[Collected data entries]
BEGIN

lemma fold_match_step_subset: "fold match_step xs T \<subseteq> T"
proof (induction xs arbitrary: T)
  case Nil
  then show ?case by simp
next
  case (Cons v xs)
  have "match_step v T \<subseteq> T"
    by (auto simp: match_step_iff)
  then show ?case
    using Cons.IH[of "match_step v T"] by simp
qed

lemma fold_match_step_keeps:
  assumes "F \<subseteq> T" "T \<subseteq> K" "\<And>u \<sigma>. u \<in> set xs \<Longrightarrow> \<sigma> \<in> F \<Longrightarrow> u \<notin> \<sigma> \<and> insert u \<sigma> \<notin> K"
  shows "F \<subseteq> fold match_step xs T"
  using assms
proof (induction xs arbitrary: T)
  case Nil
  then show ?case by simp
next
  case (Cons v xs)
  have "F \<subseteq> match_step v T"
  proof
    fix \<sigma> assume "\<sigma> \<in> F"
    then have "\<sigma> \<in> T" "v \<notin> \<sigma>" "insert v \<sigma> \<notin> K"
      using Cons.prems by auto
    then show "\<sigma> \<in> match_step v T"
      using Cons.prems(2) by (auto simp: match_step_iff)
  qed
  moreover have "match_step v T \<subseteq> K"
    using Cons.prems(2) by (auto simp: match_step_iff)
  ultimately show ?case
    using Cons.IH[of "match_step v T"] Cons.prems(3) by simp
qed

lemma fold_match_step_first_coface:
  assumes down: "\<And>\<sigma> \<rho>. \<sigma> \<in> K \<Longrightarrow> \<rho> \<subseteq> \<sigma> \<Longrightarrow> \<rho> \<in> K"
    and "\<tau> \<in> K" "v \<notin> \<tau>" "insert v \<tau> \<in> K" and before: "\<And>u. u \<in> set xs \<Longrightarrow> insert u \<tau> \<notin> K"
  shows "\<tau> \<notin> fold match_step (xs @ v # ys) K" "insert v \<tau> \<notin> fold match_step (xs @ v # ys) K"
proof -
  have "u \<notin> \<sigma> \<and> insert u \<sigma> \<notin> K" if "u \<in> set xs" "\<sigma> \<in> {\<tau>, insert v \<tau>}" for u \<sigma>
    using before[OF that(1)] that(2) assms(2,4) down[of "insert u \<sigma>" "insert u \<tau>"]
    by (auto simp: insert_absorb)
  then have "{\<tau>, insert v \<tau>} \<subseteq> fold match_step xs K"
    using assms(2,4) by (intro fold_match_step_keeps) auto
  then have "\<tau> \<notin> match_step v (fold match_step xs K)" "insert v \<tau> \<notin> match_step v (fold match_step xs K)"
    using assms(3) by (auto simp: match_step_iff)
  then show "\<tau> \<notin> fold match_step (xs @ v # ys) K" "insert v \<tau> \<notin> fold match_step (xs @ v # ys) K"
    using fold_match_step_subset by auto
qed

lemma manhattan_commute: "length x = length y \<Longrightarrow> manhattan x y = manhattan y x"
  unfolding manhattan_def by (simp add: abs_minus_commute)

lemma manhattan_self [simp]: "manhattan x x = 0"
  unfolding manhattan_def by simp

lemma manhattan_triangle:
  assumes "length y = length x"
  shows "manhattan x z \<le> manhattan x y + manhattan y z"
  unfolding manhattan_def assms sum.distrib[symmetric] by (intro sum_mono) arith

lemma manhattan_update:
  assumes "i < length x"
  shows "manhattan (x[i := t]) y
           = manhattan x y - \<bar>int (x ! i) - int (y ! i)\<bar> + \<bar>int t - int (y ! i)\<bar>"
proof -
  let ?rest = "\<Sum>j\<in>{..<length x} - {i}. \<bar>int (x ! j) - int (y ! j)\<bar>"
  have "manhattan x y = \<bar>int (x ! i) - int (y ! i)\<bar> + ?rest"
    unfolding manhattan_def using assms by (simp add: sum.remove)
  moreover have "manhattan (x[i := t]) y = \<bar>int t - int (y ! i)\<bar> + ?rest"
    unfolding manhattan_def using assms by (simp add: sum.remove)
  ultimately show ?thesis by simp
qed
(* Let $0<\alpha\le\delta<\infty$ and $0<\gamma<\tfrac13$, and define $\mathcal R^a_1(a)_k=\frac{1}{k+1}\sum_{n=0}^k a_na_{k-n}$ for $k\in\mathbb N_0$. Then $\mathcal R^a_1$, acting on $X_{\alpha,\delta}$, is a strict contraction with respect to $d(a,b)=\sum_{k\ge0}(\gamma/\delta)^k|a_k-b_k|$: there is $C<1$ such that $d(\mathcal R^a_1(a),\mathcal R^a_1(b))\le C\,d(a,b)$ for all $a,b\in X_{\alpha,\delta}$.
   Context: $X_{\alpha,\delta}$ is the set of real sequences $a=(a_k)_{k\ge0}$ with $a_0=1$, $a_1=\alpha$, $0\le a_k\le\delta^k$ for $k\ge2$. *)

theory Defs
  imports Complex_Main
begin

definition Xset :: "real \<Rightarrow> real \<Rightarrow> (nat \<Rightarrow> real) set" where
  "Xset \<alpha> \<delta> = {a. a 0 = 1 \<and> a 1 = \<alpha> \<and> (\<forall>k\<ge>2. 0 \<le> a k \<and> a k \<le> \<delta> ^ k)}"

definition R1 :: "(nat \<Rightarrow> real) \<Rightarrow> nat \<Rightarrow> real" where
  "R1 a k = (1 / real (k + 1)) * (\<Sum>n = 0..k. a n * a (k - n))"

definition wdist :: "real \<Rightarrow> real \<Rightarrow> (nat \<Rightarrow> real) \<Rightarrow> (nat \<Rightarrow> real) \<Rightarrow> real" where
  "wdist \<gamma> \<delta> a b = (\<Sum>k. (\<gamma> / \<delta>) ^ k * \<bar>a k - b k\<bar>)"

end

theory Submission
  imports Defs
begin

text \<open>Split \<open>a n * a (k-n) - b n * b (k-n) = a n * (a (k-n) - b (k-n)) + (a n - b n) * b (k-n)\<close>
  and use \<open>\<bar>a n\<bar>, \<bar>b n\<bar> \<le> \<delta>^n\<close>: the \<open>k\<close>-th weighted difference \<open>(\<gamma>/\<delta>)^k \<bar>R1 a k - R1 b k\<bar>\<close>
  is at most \<open>2/(k+1)\<close> times the \<open>k\<close>-th term of the Cauchy product of the weighted differences
  \<open>(\<gamma>/\<delta>)^m \<bar>a m - b m\<bar>\<close> with the geometric sequence \<open>\<gamma>^j\<close>. Sequences in \<open>Xset \<alpha> \<delta>\<close> agree
  at the indices 0 and 1, so only \<open>k \<ge> 2\<close> contributes, where \<open>2/(k+1) \<le> 2/3\<close>. Summing the
  Cauchy product gives the constant \<open>2/(3(1-\<gamma>))\<close>, which is below 1 exactly when \<open>\<gamma> < 1/3\<close>.\<close>

lemma Xset_abs_le:
  assumes "a \<in> Xset \<alpha> \<delta>" and "\<bar>\<alpha>\<bar> \<le> \<delta>"
  shows "\<bar>a k\<bar> \<le> \<delta> ^ k"
proof (cases "k < 2")
  case True
  then have "k = 0 \<or> k = 1" by auto
  then show ?thesis using assms by (auto simp: Xset_def)
next
  case False
  then show ?thesis using assms by (auto simp: Xset_def)
qed

lemma R1_diff:
  "R1 a k - R1 b k =
     1 / real (k + 1) * (\<Sum>n\<le>k. a n * (a (k - n) - b (k - n)) + (a n - b n) * b (k - n))"
proof -
  have "(\<Sum>n\<le>k. a n * (a (k - n) - b (k - n)) + (a n - b n) * b (k - n))
      = (\<Sum>n\<le>k. a n * a (k - n)) - (\<Sum>n\<le>k. b n * b (k - n))"
    by (simp add: sum_subtractf[symmetric] algebra_simps)
  then show ?thesis by (simp add: R1_def atLeast0AtMost right_diff_distrib)
qed

lemma R1_diff_abs_le:
  assumes a: "\<And>n. \<bar>a n\<bar> \<le> \<delta> ^ n" and b: "\<And>n. \<bar>b n\<bar> \<le> \<delta> ^ n"
  shows "\<bar>R1 a k - R1 b k\<bar> \<le> 2 / real (k + 1) * (\<Sum>m\<le>k. \<delta> ^ (k - m) * \<bar>a m - b m\<bar>)"
proof -
  have summand_le: "\<bar>a n * (a (k - n) - b (k - n)) + (a n - b n) * b (k - n)\<bar>
      \<le> \<delta> ^ n * \<bar>a (k - n) - b (k - n)\<bar> + \<delta> ^ (k - n) * \<bar>a n - b n\<bar>" for n
  proof -
    have "\<bar>a n * (a (k - n) - b (k - n)) + (a n - b n) * b (k - n)\<bar>
        \<le> \<bar>a n\<bar> * \<bar>a (k - n) - b (k - n)\<bar> + \<bar>b (k - n)\<bar> * \<bar>a n - b n\<bar>"
      by (metis abs_mult abs_triangle_ineq mult.commute)
    also have "\<dots> \<le> \<delta> ^ n * \<bar>a (k - n) - b (k - n)\<bar> + \<delta> ^ (k - n) * \<bar>a n - b n\<bar>"
      using a b by (intro add_mono mult_right_mono) auto
    finally show ?thesis .
  qed
  have reflect: "(\<Sum>n\<le>k. \<delta> ^ n * \<bar>a (k - n) - b (k - n)\<bar>) = (\<Sum>m\<le>k. \<delta> ^ (k - m) * \<bar>a m - b m\<bar>)"
    using sum.atLeastAtMost_rev[of "\<lambda>m. \<delta> ^ (k - m) * \<bar>a m - b m\<bar>" 0 k]
    by (simp add: atLeast0AtMost)
  have "\<bar>R1 a k - R1 b k\<bar>
      = 1 / real (k + 1) * \<bar>\<Sum>n\<le>k. a n * (a (k - n) - b (k - n)) + (a n - b n) * b (k - n)\<bar>"
    by (simp add: R1_diff abs_mult)
  also have "\<dots> \<le> 1 / real (k + 1) *
      (\<Sum>n\<le>k. \<delta> ^ n * \<bar>a (k - n) - b (k - n)\<bar> + \<delta> ^ (k - n) * \<bar>a n - b n\<bar>)"
    by (intro mult_left_mono order.trans[OF sum_abs sum_mono] summand_le) auto
  also have "\<dots> = 2 / real (k + 1) * (\<Sum>m\<le>k. \<delta> ^ (k - m) * \<bar>a m - b m\<bar>)"
    by (simp add: sum.distrib reflect)
  finally show ?thesis .
qed

lemma R1_diff_weighted_le:
  fixes \<gamma> \<delta> :: real
  assumes "0 < \<delta>" and "0 \<le> \<gamma>"
    and "\<And>n. \<bar>a n\<bar> \<le> \<delta> ^ n" and "\<And>n. \<bar>b n\<bar> \<le> \<delta> ^ n"
  shows "(\<gamma> / \<delta>) ^ k * \<bar>R1 a k - R1 b k\<bar>
    \<le> 2 / real (k + 1) * (\<Sum>m\<le>k. (\<gamma> / \<delta>) ^ m * \<bar>a m - b m\<bar> * \<gamma> ^ (k - m))"
proof -
  have reweight: "(\<gamma> / \<delta>) ^ k * \<delta> ^ (k - m) * c = (\<gamma> / \<delta>) ^ m * c * \<gamma> ^ (k - m)"
    if "m \<le> k" for m c
  proof -
    have "(\<gamma> / \<delta>) ^ k = (\<gamma> / \<delta>) ^ m * (\<gamma> / \<delta>) ^ (k - m)"
      using that by (simp add: power_add[symmetric])
    then show ?thesis using \<open>0 < \<delta>\<close> by (simp add: power_divide)
  qed
  have "(\<gamma> / \<delta>) ^ k * \<bar>R1 a k - R1 b k\<bar>
      \<le> (\<gamma> / \<delta>) ^ k * (2 / real (k + 1) * (\<Sum>m\<le>k. \<delta> ^ (k - m) * \<bar>a m - b m\<bar>))"
    using assms by (intro mult_left_mono R1_diff_abs_le) auto
  also have "\<dots> = 2 / real (k + 1) * (\<Sum>m\<le>k. (\<gamma> / \<delta>) ^ k * \<delta> ^ (k - m) * \<bar>a m - b m\<bar>)"
    by (simp add: sum_distrib_left mult_ac)
  also have "\<dots> = 2 / real (k + 1) * (\<Sum>m\<le>k. (\<gamma> / \<delta>) ^ m * \<bar>a m - b m\<bar> * \<gamma> ^ (k - m))"
    by (intro arg_cong[where f = "(*) _"] sum.cong refl reweight) simp
  finally show ?thesis .
qed

lemma suminf_le_geometric_convolution:
  fixes E F :: "nat \<Rightarrow> real" and \<gamma> c :: real
  assumes "0 \<le> \<gamma>" and "\<gamma> < 1"
    and "\<And>m. 0 \<le> E m" and "summable E"
    and F_nonneg: "\<And>k. 0 \<le> F k" and F_le: "\<And>k. F k \<le> c * (\<Sum>m\<le>k. E m * \<gamma> ^ (k - m))"
  shows "suminf F \<le> c / (1 - \<gamma>) * suminf E"
proof -
  define S where "S k = (\<Sum>m\<le>k. E m * \<gamma> ^ (k - m))" for k
  have "summable (\<lambda>m. norm (E m))" and "summable (\<lambda>j. norm (\<gamma> ^ j))"
    using assms by (simp_all add: summable_geometric)
  from Cauchy_product_sums[OF this] have "S sums (suminf E / (1 - \<gamma>))"
    using assms by (simp add: S_def[abs_def] suminf_geometric)
  then have cS_sums: "(\<lambda>k. c * S k) sums (c / (1 - \<gamma>) * suminf E)"
    by (metis sums_mult times_divide_eq_right mult.commute)
  have "summable F"
    by (rule summable_comparison_test[of _ "\<lambda>k. c * S k"])
       (use F_nonneg F_le cS_sums in \<open>auto simp: S_def sums_iff\<close>)
  with F_le cS_sums have "suminf F \<le> (\<Sum>k. c * S k)"
    by (intro suminf_le) (auto simp: S_def sums_iff)
  also have "\<dots> = c / (1 - \<gamma>) * suminf E"
    using cS_sums by (rule sums_unique[symmetric])
  finally show ?thesis .
qed

lemma wdist_R1_le:
  fixes \<alpha> \<delta> \<gamma> :: real
  assumes "\<bar>\<alpha>\<bar> \<le> \<delta>" and "0 < \<delta>" and "0 \<le> \<gamma>" and "\<gamma> < 1"
    and a: "a \<in> Xset \<alpha> \<delta>" and b: "b \<in> Xset \<alpha> \<delta>"
  shows "wdist \<gamma> \<delta> (R1 a) (R1 b) \<le> 2 / (3 * (1 - \<gamma>)) * wdist \<gamma> \<delta> a b"
proof -
  define E where "E m = (\<gamma> / \<delta>) ^ m * \<bar>a m - b m\<bar>" for m
  define F where "F k = (\<gamma> / \<delta>) ^ k * \<bar>R1 a k - R1 b k\<bar>" for k
  have a_le: "\<bar>a n\<bar> \<le> \<delta> ^ n" and b_le: "\<bar>b n\<bar> \<le> \<delta> ^ n" for n
    using Xset_abs_le[OF a] Xset_abs_le[OF b] assms(1) by auto
  have E_nonneg: "0 \<le> E m" for m
    using assms by (simp add: E_def)
  have E_le: "E m \<le> 2 * \<gamma> ^ m" for m
  proof -
    have "E m \<le> (\<gamma> / \<delta>) ^ m * (2 * \<delta> ^ m)"
      unfolding E_def using a_le[of m] b_le[of m] assms
      by (intro mult_left_mono) (auto simp: abs_diff_le_iff abs_le_iff)
    then show ?thesis using \<open>0 < \<delta>\<close> by (simp add: power_divide)
  qed
  have E_01: "E 0 = 0" "E (Suc 0) = 0"
    using a b by (auto simp: E_def Xset_def)
  have "summable E"
    by (rule summable_comparison_test[of _ "\<lambda>m. 2 * \<gamma> ^ m"])
       (use E_nonneg E_le assms in \<open>auto intro!: summable_mult summable_geometric\<close>)
  moreover have "F k \<le> 2 / 3 * (\<Sum>m\<le>k. E m * \<gamma> ^ (k - m))" for k
  proof -
    have "F k \<le> 2 / real (k + 1) * (\<Sum>m\<le>k. E m * \<gamma> ^ (k - m))"
      unfolding F_def E_def using assms a_le b_le by (intro R1_diff_weighted_le) auto
    also have "\<dots> \<le> 2 / 3 * (\<Sum>m\<le>k. E m * \<gamma> ^ (k - m))"
    proof (cases "k < 2")
      case True
      then show ?thesis by (auto simp: E_01 less_2_cases_iff)
    next
      case False
      then show ?thesis using E_nonneg assms
        by (intro mult_right_mono sum_nonneg) (auto simp: field_simps)
    qed
    finally show ?thesis .
  qed
  moreover have "0 \<le> F k" for k
    using assms by (simp add: F_def)
  ultimately have "suminf F \<le> 2 / 3 / (1 - \<gamma>) * suminf E"
    using assms E_nonneg by (intro suminf_le_geometric_convolution) auto
  then show ?thesis
    by (simp add: wdist_def F_def[abs_def] E_def[abs_def])
qed

theorem proposition12:
  fixes \<alpha> \<delta> \<gamma> :: real
  assumes "0 < \<alpha>" and "\<alpha> \<le> \<delta>" and "0 < \<gamma>" and "\<gamma> < 1 / 3"
  shows "\<exists>C. 0 \<le> C \<and> C < 1 \<and>
           (\<forall>a\<in>Xset \<alpha> \<delta>. \<forall>b\<in>Xset \<alpha> \<delta>.
              wdist \<gamma> \<delta> (R1 a) (R1 b) \<le> C * wdist \<gamma> \<delta> a b)"
proof (intro exI conjI ballI)
  show "0 \<le> 2 / (3 * (1 - \<gamma>))" and "2 / (3 * (1 - \<gamma>)) < 1"
    using assms by (auto simp: field_simps)
  show "wdist \<gamma> \<delta> (R1 a) (R1 b) \<le> 2 / (3 * (1 - \<gamma>)) * wdist \<gamma> \<delta> a b"
    if "a \<in> Xset \<alpha> \<delta>" and "b \<in> Xset \<alpha> \<delta>" for a b
    using assms that by (intro wdist_R1_le) auto
qed

end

END

### WORK TO COMPLETE
Look through the data above. Find each line with the string "rest" and copy it.

### RESULT OF THIS TASK
  let ?rest = "\<Sum>j\<in>{..<length x} - {i}. \<bar>int (x ! j) - int (y ! j)\<bar>"
  have "manhattan x y = \<bar>int (x ! i) - int (y ! i)\<bar> + ?rest"
  moreover have "manhattan (x[i := t]) y = \<bar>int t - int (y ! i)\<bar> + ?rest"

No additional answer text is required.